PS: Those that have exposure to 3D world modeling tooling such as NVIDIA’s Omniverse, will appreciate the connection between the innocent “state description” table and Pixar’s Universal Scene Description (USD) markup.

Extra Credit 1 (5 points)

Usage of Hydra for configuration and use Ray to learn how to create distributed execution pipelines.
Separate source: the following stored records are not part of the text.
(* Let $R$ be a ring and $\mathbf x$ a parameter sequence on $R$. Then $\operatorname{ht}(\mathbf x)R\ge\ell(\mathbf x)$.
   Context: All rings are commutative with identity. For $x\in R$ let $C(x)$ be the complex $0\to R\to R_x\to 0$ ($R$ in degree $0$, natural localization map); for $\mathbf x=x_1,\dots,x_\ell$ put $C(\mathbf x)=C(x_1)\otimes_R\cdots\otimes_R C(x_\ell)$ and let $H^i_{\mathbf x}(M)$ be the $i$th cohomology of $C(\mathbf x)\otimes_RM$; $\ell(\mathbf x)=\ell$. Let $K(x)$ be $0\to R\xrightarrow{x}R\to 0$ (degrees $1,0$), $K(\mathbf x)=K(x_1)\otimes\cdots\otimes K(x_\ell)$, $H_i(\mathbf x)$ its homology. For $m\ge n$ the chain map $K(\mathbf x^m)\to K(\mathbf x^n)$ ($\mathbf x^m=x_1^m,\dots,x_\ell^m$) is the tensor product of maps given by multiplication by $x_i^{m-n}$ in degree $1$ and identity in degree $0$. $\mathbf x$ is weakly proregular if for every $n$ there is $m\ge n$ with $H_i(\mathbf x^m)\to H_i(\mathbf x^n)$ zero for all $i\ge1$. $\mathbf x$ is a parameter sequence on $R$ if it is weakly proregular, $(\mathbf x)R\neq R$, and $H^{\ell(\mathbf x)}_{\mathbf x}(R)_p\neq0$ for every prime $p\supseteq(\mathbf x)R$. *)

theory Defs
  imports Main "HOL-Library.Extended_Nat"
begin

definition is_ideal :: "'a::comm_ring_1 set \<Rightarrow> bool" where
  "is_ideal I \<longleftrightarrow> 0 \<in> I \<and> (\<forall>a\<in>I. \<forall>b\<in>I. a + b \<in> I) \<and> (\<forall>r. \<forall>a\<in>I. r * a \<in> I)"

definition prime_ideal :: "'a::comm_ring_1 set \<Rightarrow> bool" where
  "prime_ideal P \<longleftrightarrow> is_ideal P \<and> P \<noteq> UNIV \<and> (\<forall>a b. a * b \<in> P \<longrightarrow> a \<in> P \<or> b \<in> P)"

definition ideal_gen :: "'a::comm_ring_1 list \<Rightarrow> 'a set" where
  "ideal_gen xs = {(\<Sum>i<length xs. r i * xs ! i) | r. True}"

definition prime_height :: "'a::comm_ring_1 set \<Rightarrow> enat" where
  "prime_height P = Sup {enat n | n. \<exists>f. (\<forall>i\<le>n. prime_ideal (f i)) \<and>
                                       (\<forall>i<n. f i \<subset> f (Suc i)) \<and> f n = P}"

text \<open>Height of an ideal: infimum of heights of primes containing it (= infinity if none).\<close>
definition ideal_height :: "'a::comm_ring_1 set \<Rightarrow> enat" where
  "ideal_height I = Inf {prime_height P | P. prime_ideal P \<and> I \<subseteq> P}"

text \<open>A chain of K(x) in homological degree i: coefficients c S on the basis vectors
  e_S = e_{j1} \<and> ... \<and> e_{ji}, S \<subseteq> {0..<l}, card S = i (zero elsewhere).\<close>
definition kchain :: "nat \<Rightarrow> nat \<Rightarrow> (nat set \<Rightarrow> 'a::comm_ring_1) \<Rightarrow> bool" where
  "kchain l i c \<longleftrightarrow> (\<forall>S. c S \<noteq> 0 \<longrightarrow> S \<subseteq> {..<l} \<and> card S = i)"

text \<open>Differential of K(x) = K(x_1) \<otimes> ... \<otimes> K(x_l) (Koszul sign convention):
  d(e_S) = sum over j in S of (-1)^(number of elements of S below j) x_j e_(S - {j}).\<close>
definition kdiff :: "'a::comm_ring_1 list \<Rightarrow> (nat set \<Rightarrow> 'a) \<Rightarrow> nat set \<Rightarrow> 'a" where
  "kdiff xs c T = (if T \<subseteq> {..<length xs} then
      (\<Sum>j\<in>{..<length xs} - T. (-1) ^ card {k\<in>T. k < j} * xs ! j * c (insert j T))
    else 0)"

definition kcycle :: "'a::comm_ring_1 list \<Rightarrow> nat \<Rightarrow> (nat set \<Rightarrow> 'a) \<Rightarrow> bool" where
  "kcycle xs i c \<longleftrightarrow> kchain (length xs) i c \<and> kdiff xs c = (\<lambda>_. 0)"

definition kboundary :: "'a::comm_ring_1 list \<Rightarrow> nat \<Rightarrow> (nat set \<Rightarrow> 'a) \<Rightarrow> bool" where
  "kboundary xs i c \<longleftrightarrow> (\<exists>b. kchain (length xs) (Suc i) b \<and> c = kdiff xs b)"

definition seq_pow :: "'a::comm_ring_1 list \<Rightarrow> nat \<Rightarrow> 'a list" where
  "seq_pow xs m = map (\<lambda>x. x ^ m) xs"
(* Let $\{w^k\}$ be generated by the L-GADMM iteration and $\{\bar w^k\}$ be the auxiliary sequence. Then for every $k\ge0$, $$(w^k-\bar w^k)^\top M^\top HM\big\{(w^k-\bar w^k)-(w^{k+1}-\bar w^{k+1})\big\}\ \ge\ \tfrac12\big\|(w^k-\bar w^k)-(w^{k+1}-\bar w^{k+1})\big\|_{Q^\top+Q}^2.$$
   Context: Standing setting. Let $m\ge 2$, $\ell$, $n_1,\dots,n_m$ be positive integers. For $i=1,\dots,m$ let $\theta_i:\mathbb{R}^{n_i}\to\mathbb{R}$ be convex, $\mathcal{X}_i\subseteq\mathbb{R}^{n_i}$ nonempty closed convex, $A_i\in\mathbb{R}^{\ell\times n_i}$ of full column rank, and $b\in\mathbb{R}^\ell$. Problem (P): $\min\{\sum_{i=1}^m\theta_i(x_i):\sum_{i=1}^mA_ix_i=b,\ x_i\in\mathcal{X}_i\}$, assumed to have a nonempty solution set. Write $u=(x_1,\dots,x_m)$, $w=(x_1,\dots,x_m,y)$ with $y\in\mathbb{R}^\ell$, $\theta(u)=\sum_i\theta_i(x_i)$, $F(w)=(-A_1^\top y,\dots,-A_m^\top y,\ \sum_iA_ix_i-b)$, $\mathcal{W}=\mathcal{X}_1\times\cdots\times\mathcal{X}_m\times\mathbb{R}^\ell$, and $\mathcal{W}^*=\{w^*\in\mathcal{W}:\theta(u)-\theta(u^* )+(w-w^* )^\top F(w^* )\ge0\ \forall w\in\mathcal{W}\}$ (nonempty). For symmetric $G$, $\|v\|_G^2:=v^\top Gv$; $\|\cdot\|$ is the Euclidean norm. Vectors are partitioned as $w=(R,x_m,y)$ with $R=(x_1,\dots,x_{m-1})$. Parameters: $\rho>0$, $\gamma\in(0,2)$, symmetric positive definite $P_i\in\mathbb{R}^{n_i\times n_i}$ ($i=1,\dots,m$) such that $G_1\succ0$, where $G_1$ is the symmetric block matrix with diagonal blocks $P_1,\dots,P_{m-1}$ and $(i,j)$ block $-\rho A_i^\top A_j$ for $i\ne j$, $1\le i,j\le m-1$. Matrices (w.r.t. the partition $(R,x_m,y)$): $Q=\begin{pmatrix}G_1&0&0\\0&\rho A_m^\top A_m+P_m&(1-\gamma)A_m^\top\\0&-A_m&\frac1\rho I_\ell\end{pmatrix}$, $M=\begin{pmatrix}I&0&0\\0&I_{n_m}&0\\0&-\rho A_m&\gamma I_\ell\end{pmatrix}$, $H=\begin{pmatrix}G_1&0&0\\0&P_m+\frac\rho\gamma A_m^\top A_m&\frac{1-\gamma}\gamma A_m^\top\\0&\frac{1-\gamma}\gamma A_m&\frac1{\gamma\rho}I_\ell\end{pmatrix}$, $N=Q^\top+Q-M^\top HM$. L-GADMM iteration: from an arbitrary $w^0=(x_1^0,\dots,x_m^0,y^0)\in\mathcal{W}$, for $k=0,1,2,\dots$: $x_j^{k+1}=\arg\min_{x_j\in\mathcal{X}_j}\{\theta_j(x_j)+\frac\rho2\|A_jx_j+\sum_{i=1,i\ne j}^mA_ix_i^k-b-\frac{y^k}\rho\|^2+\frac12\|x_j-x_j^k\|_{P_j}^2\}$ for $j=1,\dots,m-1$; $x_m^{k+1}=\arg\min_{x_m\in\mathcal{X}_m}\{\theta_m(x_m)+\frac\rho2\|\gamma\sum_{i=1}^{m-1}A_ix_i^{k+1}+(1-\gamma)(b-A_mx_m^k)+A_mx_m-b-\frac{y^k}\rho\|^2+\frac12\|x_m-x_m^k\|_{P_m}^2\}$; $y^{k+1}=y^k-\rho\big(\gamma\sum_{i=1}^{m-1}A_ix_i^{k+1}+(1-\gamma)(b-A_mx_m^k)+A_mx_m^{k+1}-b\big)$. Auxiliary sequence: $\bar w^k=(\bar x_1^k,\dots,\bar x_m^k,\bar y^k)$ with $\bar x_i^k=x_i^{k+1}$ ($i=1,\dots,m$) and $\bar y^k=y^k-\rho(\sum_{i=1}^{m-1}A_ix_i^{k+1}+A_mx_m^k-b)$; $\bar u^k=(\bar x_1^k,\dots,\bar x_m^k)$, $R^k=(x_1^k,\dots,x_{m-1}^k)$, $\bar R^k=(\bar x_1^k,\dots,\bar x_{m-1}^k)$. *)

theory Defs
  imports Complex_Main "Jordan_Normal_Form.DL_Rank"
begin

(* Block offsets: block i (0-based) of a vector/matrix with block sizes d occupies
   the index range [offs d i, offs d i + d i). *)
definition offs :: "(nat \<Rightarrow> nat) \<Rightarrow> nat \<Rightarrow> nat" where
  "offs d i = (\<Sum>j<i. d j)"

definition blk :: "(nat \<Rightarrow> nat) \<Rightarrow> nat \<Rightarrow> nat" where
  "blk d r = (LEAST i. r < offs d (Suc i))"

definition block_mat :: "(nat \<Rightarrow> nat) \<Rightarrow> nat \<Rightarrow> (nat \<Rightarrow> nat \<Rightarrow> real mat) \<Rightarrow> real mat" where
  "block_mat d p B = mat (offs d p) (offs d p)
     (\<lambda>(r, c). B (blk d r) (blk d c) $$ (r - offs d (blk d r), c - offs d (blk d c)))"

definition stack_vec :: "(nat \<Rightarrow> nat) \<Rightarrow> nat \<Rightarrow> (nat \<Rightarrow> real vec) \<Rightarrow> real vec" where
  "stack_vec d p v = vec (offs d p) (\<lambda>r. v (blk d r) $ (r - offs d (blk d r)))"

definition vsum :: "nat \<Rightarrow> (nat \<Rightarrow> real vec) \<Rightarrow> nat set \<Rightarrow> real vec" where
  "vsum l f I = vec l (\<lambda>r. \<Sum>i\<in>I. f i $ r)"

definition qnorm :: "real mat \<Rightarrow> real vec \<Rightarrow> real" where
  "qnorm G v = v \<bullet> (G *\<^sub>v v)"

definition sqnorm :: "real vec \<Rightarrow> real" where
  "sqnorm v = v \<bullet> v"

definition sym_pos_def :: "nat \<Rightarrow> real mat \<Rightarrow> bool" where
  "sym_pos_def n G \<longleftrightarrow> G \<in> carrier_mat n n \<and> transpose_mat G = G \<and>
     (\<forall>v\<in>carrier_vec n. v \<noteq> 0\<^sub>v n \<longrightarrow> v \<bullet> (G *\<^sub>v v) > 0)"

definition convex_fun_vec :: "nat \<Rightarrow> (real vec \<Rightarrow> real) \<Rightarrow> bool" where
  "convex_fun_vec n f \<longleftrightarrow> (\<forall>x\<in>carrier_vec n. \<forall>y\<in>carrier_vec n. \<forall>t::real. 0 \<le> t \<and> t \<le> 1 \<longrightarrow>
     f (t \<cdot>\<^sub>v x + (1 - t) \<cdot>\<^sub>v y) \<le> t * f x + (1 - t) * f y)"

definition convex_set_vec :: "nat \<Rightarrow> real vec set \<Rightarrow> bool" where
  "convex_set_vec n X \<longleftrightarrow> X \<subseteq> carrier_vec n \<and> (\<forall>x\<in>X. \<forall>y\<in>X. \<forall>t::real. 0 \<le> t \<and> t \<le> 1 \<longrightarrow>
     t \<cdot>\<^sub>v x + (1 - t) \<cdot>\<^sub>v y \<in> X)"

definition closed_set_vec :: "nat \<Rightarrow> real vec set \<Rightarrow> bool" where
  "closed_set_vec n X \<longleftrightarrow> X \<subseteq> carrier_vec n \<and> (\<forall>s x. (\<forall>k. s k \<in> X) \<and> x \<in> carrier_vec n \<and>
     (\<forall>r<n. (\<lambda>k. s k $ r) \<longlonglongrightarrow> x $ r) \<longrightarrow> x \<in> X)"

end

theory Submission
  imports Defs
begin

text \<open>Write \<Delta> = (w^k - wbar^k) - (w^(k+1) - wbar^(k+1)). The matrices satisfy H M = Q on
  block vectors, and M (w^k - wbar^k) = w^k - w^(k+1) by the dual update, so the left-hand side equals
  (w^k - w^(k+1))^T Q \<Delta> = \<Delta>^T Q \<Delta> + (wbar^k - wbar^(k+1))^T Q \<Delta>, where \<Delta>^T Q \<Delta> is half
  the quadratic form of Q^T + Q. The cross term is nonnegative: every primal update minimises a
  convex proximal subproblem, so its first-order optimality condition holds at steps k and k + 1;
  adding the two conditions cancels the objective values, and the coupling through the dual
  variable cancels after summing over the blocks.\<close>

section \<open>Block vectors and block matrices\<close>

lemma offs_0 [simp]: "offs d 0 = 0"
  by (simp add: offs_def)

lemma offs_Suc: "offs d (Suc i) = offs d i + d i"
  by (simp add: offs_def)

lemma offs_mono: "i \<le> j \<Longrightarrow> offs d i \<le> offs d j"
  unfolding offs_def by (rule sum_mono2) auto

lemma blk_bounds:
  assumes r: "r < offs d p"
  shows "blk d r < p" "offs d (blk d r) \<le> r" "r < offs d (blk d r) + d (blk d r)"
proof -
  have p: "p > 0" using r by (cases p) auto
  have ex: "r < offs d (Suc (p - 1))" using r p by simp
  have "blk d r \<le> p - 1" unfolding blk_def by (rule Least_le) (rule ex)
  then show "blk d r < p" using p by simp
  have "r < offs d (Suc (blk d r))" unfolding blk_def by (rule LeastI) (rule ex)
  then show "r < offs d (blk d r) + d (blk d r)" by (simp add: offs_Suc)
  show "offs d (blk d r) \<le> r"
  proof (cases "blk d r")
    case (Suc j)
    have "\<not> r < offs d (Suc j)"
    proof
      assume "r < offs d (Suc j)"
      then have "blk d r \<le> j" unfolding blk_def by (rule Least_le)
      then show False using Suc by simp
    qed
    then show ?thesis using Suc by simp
  qed simp
qed

lemma blk_offs_add: "s < d i \<Longrightarrow> blk d (offs d i + s) = i"
  unfolding blk_def
proof (rule Least_equality)
  fix j assume j: "offs d i + s < offs d (Suc j)"
  show "i \<le> j"
  proof (rule ccontr)
    assume "\<not> i \<le> j"
    then have "offs d (Suc j) \<le> offs d i" by (intro offs_mono) simp
    then show False using j by simp
  qed
qed (simp add: offs_Suc)

lemma sum_lessThan_add: "(\<Sum>r<a + (b::nat). f r) = (\<Sum>r<a. f r) + (\<Sum>s<b. f (a + s))"
  by (induction b) (auto simp: add.assoc)

lemma sum_lessThan_offs:
  "(\<Sum>r<offs d p. g (blk d r) (r - offs d (blk d r))) = (\<Sum>i<p. \<Sum>s<d i. g i s)"
proof (induction p)
  case (Suc p)
  have "(\<Sum>s<d p. g (blk d (offs d p + s)) (offs d p + s - offs d (blk d (offs d p + s))))
      = (\<Sum>s<d p. g p s)"
    by (rule sum.cong) (auto simp: blk_offs_add)
  then show ?case using Suc by (simp add: offs_Suc sum_lessThan_add)
qed simp

lemma dim_stack_vec [simp]: "dim_vec (stack_vec d p v) = offs d p"
  by (simp add: stack_vec_def)

lemma stack_vec_carrier [simp]: "stack_vec d p v \<in> carrier_vec (offs d p)"
  by (rule carrier_vecI) simp

lemma index_stack_vec:
  "r < offs d p \<Longrightarrow> stack_vec d p v $ r = v (blk d r) $ (r - offs d (blk d r))"
  by (simp add: stack_vec_def)
lemma exists_nonatomic_matrix_above:
  fixes P :: "(real^'n) measure"
  assumes "admissible_measure P" and "pos_matrix T" and "c < ratio_T P T"
  shows "\<exists>T'. pos_matrix T' \<and> (\<forall>j. measure P {z \<in> space P. z$j = T'$1$j / T'$2$j} = 0)
    \<and> c < ratio_T P T'"
proof -
  have fin: "finite_measure P" and sets: "sets P = sets borel"
    using assms(1) by (simp_all add: admissible_measure_def prob_space.finite_measure)
  define r where "r j = T$1$j / T$2$j" for j
  have r_pos: "0 < r j" for j
    using \<open>pos_matrix T\<close> unfolding r_def pos_matrix_def by simp
  define g where "g \<delta> = (exp_makespan P T - total_time T *
      (\<Sum>j\<in>UNIV. measure P {z \<in> space P. r j < z$j \<and> z$j \<le> r j * (1 + \<delta>)}))
      / ((1 + \<delta>) * opt_makespan T)" for \<delta>
  have "(g \<longlongrightarrow> (exp_makespan P T - total_time T * 0) / ((1 + 0) * opt_makespan T))
      (at_right 0)"
    unfolding g_def using opt_makespan_pos[OF \<open>pos_matrix T\<close>]
      measure_coordinate_scaled_strip_tendsto_0[OF fin sets r_pos]
    by (intro tendsto_divide tendsto_diff tendsto_mult tendsto_add tendsto_const tendsto_ident_at
        tendsto_null_sum) simp_all
  then have "(g \<longlongrightarrow> ratio_T P T) (at_right 0)" by (simp add: ratio_T_def)
  from order_tendstoD(1)[OF this \<open>c < ratio_T P T\<close>] eventually_at_right_less[of "0::real"]
  have "\<forall>\<^sub>F \<delta> in at_right 0. c < g \<delta> \<and> 0 < \<delta>" by (rule eventually_conj)
  then obtain \<delta> :: real where "c < g \<delta>" and "0 < \<delta>"
    using eventually_happens'[OF trivial_limit_at_right_real] by blast
  have lt: "r j < r j * (1 + \<delta>)" for j using r_pos[of j] \<open>0 < \<delta>\<close> by simp
  obtain x where "\<forall>j. r j < x j \<and> x j < r j * (1 + \<delta>)
      \<and> measure P {z \<in> space P. z$j = x j} = 0"
    using exists_nonatomic_coordinates_between[OF fin sets, where a = r, OF lt] by blast
  then have x_gt: "r j < x j" and x_lt: "x j < r j * (1 + \<delta>)"
    and x_nonatomic: "measure P {z \<in> space P. z$j = x j} = 0" for j
    by simp_all
  have "g \<delta> \<le> ratio_T P (matrix_with_ratios x T)"
    using x_gt less_imp_le[OF x_lt] \<open>0 < \<delta>\<close> unfolding g_def r_def
    by (intro ratio_T_matrix_with_ratios_lower_bound[OF fin sets \<open>pos_matrix T\<close>]) simp_all
  moreover have "pos_matrix (matrix_with_ratios x T)"
    using less_trans[OF r_pos x_gt] by (intro pos_matrix_with_ratios \<open>pos_matrix T\<close>)
  ultimately show ?thesis
    using \<open>c < g \<delta>\<close> x_nonatomic matrix_with_ratios_ratio[OF \<open>pos_matrix T\<close>]
    by (intro exI[of _ "matrix_with_ratios x T"]) simp
qed

theorem theorem2:
  fixes P :: "(real^'n) measure"
  assumes "admissible_measure P"
  shows "ratio P =
    (SUP T\<in>{T. pos_matrix T \<and> (\<forall>j. measure P {z \<in> space P. z$j = T$1$j / T$2$j} = 0)}.
       ereal (ratio_T P T))"
proof (rule antisym)
  let ?nonatomic = "{T. pos_matrix T \<and> (\<forall>j. measure P {z \<in> space P. z$j = T$1$j / T$2$j} = 0)}"
  show "ratio P \<le> (SUP T\<in>?nonatomic. ereal (ratio_T P T))"
    unfolding ratio_def
  proof (rule SUP_least)
    fix T :: "real^'n^2"
    assume "T \<in> {T. pos_matrix T}"
    show "ereal (ratio_T P T) \<le> (SUP T\<in>?nonatomic. ereal (ratio_T P T))"
    proof (rule le_SUP_iff[THEN iffD2], intro allI impI)
      fix y
      assume "y < ereal (ratio_T P T)"
      then obtain c where "y < ereal c" and "ereal c < ereal (ratio_T P T)"
        using ereal_dense2 by blast
      then obtain T' where "T' \<in> ?nonatomic" and "c < ratio_T P T'"
        using exists_nonatomic_matrix_above[OF assms, of T c] \<open>T \<in> {T. pos_matrix T}\<close> by auto
      moreover have "y < ereal (ratio_T P T')"
        using \<open>y < ereal c\<close> \<open>c < ratio_T P T'\<close> by (simp add: less_trans)
      ultimately show "\<exists>T'\<in>?nonatomic. y < ereal (ratio_T P T')" by blast
    qed
  qed
  show "(SUP T\<in>?nonatomic. ereal (ratio_T P T)) \<le> ratio P"
    unfolding ratio_def by (rule SUP_subset_mono) auto
qed

end
definition hoare_within :: "(mem \<Rightarrow> bool) \<Rightarrow> com \<Rightarrow> (mem \<Rightarrow> bool) \<Rightarrow> nat \<Rightarrow> bool" where
  "hoare_within P c Q T \<longleftrightarrow> (\<forall>m. P m \<longrightarrow> wp_within c Q m T)"

(* An upper bound on the running time of c, provided every loop in c performs at most n
   iterations. *)
fun time_bound :: "nat \<Rightarrow> com \<Rightarrow> nat" where
  "time_bound n SKIP = 1"
| "time_bound n (Assign x e) = Suc (acost x + acost e)"
| "time_bound n (Seq c1 c2) = Suc (time_bound n c1 + time_bound n c2)"
| "time_bound n (If bb c1 c2) = Suc (bcost bb + max (time_bound n c1) (time_bound n c2))"
| "time_bound n (While bb c) = (n + 1) * (time_bound n c + bcost bb + 1)"

fun loop_depth :: "com \<Rightarrow> nat" where
  "loop_depth (Seq c1 c2) = max (loop_depth c1) (loop_depth c2)"
| "loop_depth (If bb c1 c2) = max (loop_depth c1) (loop_depth c2)"
| "loop_depth (While bb c) = Suc (loop_depth c)"
| "loop_depth _ = 0"

definition poly_bounded :: "(nat \<Rightarrow> nat) \<Rightarrow> nat \<Rightarrow> bool" where
  "poly_bounded f d \<longleftrightarrow> (\<exists>C. \<forall>n. f n \<le> C * (n + 1) ^ d)"

lemma poly_bounded_const: "poly_bounded (\<lambda>n. c) d"
  unfolding poly_bounded_def by (intro exI[of _ c] allI) simp

lemma poly_bounded_le: "poly_bounded g d \<Longrightarrow> (\<And>n. f n \<le> g n) \<Longrightarrow> poly_bounded f d"
  unfolding poly_bounded_def by (meson order_trans)

lemma poly_bounded_mono:
  assumes "poly_bounded f d" and "d \<le> d'"
  shows "poly_bounded f d'"
proof -
  obtain C where "\<forall>n. f n \<le> C * (n + 1) ^ d" using assms(1) unfolding poly_bounded_def by blast
  moreover have "(n + 1) ^ d \<le> (n + 1) ^ d'" for n :: nat using assms(2) by (simp add: power_increasing)
  ultimately have "\<forall>n. f n \<le> C * (n + 1) ^ d'" by (meson mult_le_mono2 order_trans)
  then show ?thesis unfolding poly_bounded_def by blast
qed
The purpose of this extra credit is to motivate you to develop your repositories not for you but for your audience that may include future employers. Please note that distributed processing based on Ray can still be done in your laptops using the CPU cores as workers as well as in Google Colab using even TPUs.

Extra Credit 2 (5 points)

Use of JAX libraries.

Further study

There are also newer key developments in the VQA space such as:

J. Shi, H. Zhang, and J. Li, “Explainable and explicit visual reasoning over scene graphs,” in 2019 IEEE/CVF Conference on Computer Vision and Pattern Recognition (CVPR), Long Beach, CA, USA, Jun. 2019, doi: 10.1109/cvpr.2019.00857 [Online]. Available: https://ieeexplore.ieee.org/document/8953666/.

You may continue the exploration after this course by studying approaches that use scene graphs such as the above. Talk to your professor if you want to pursue this.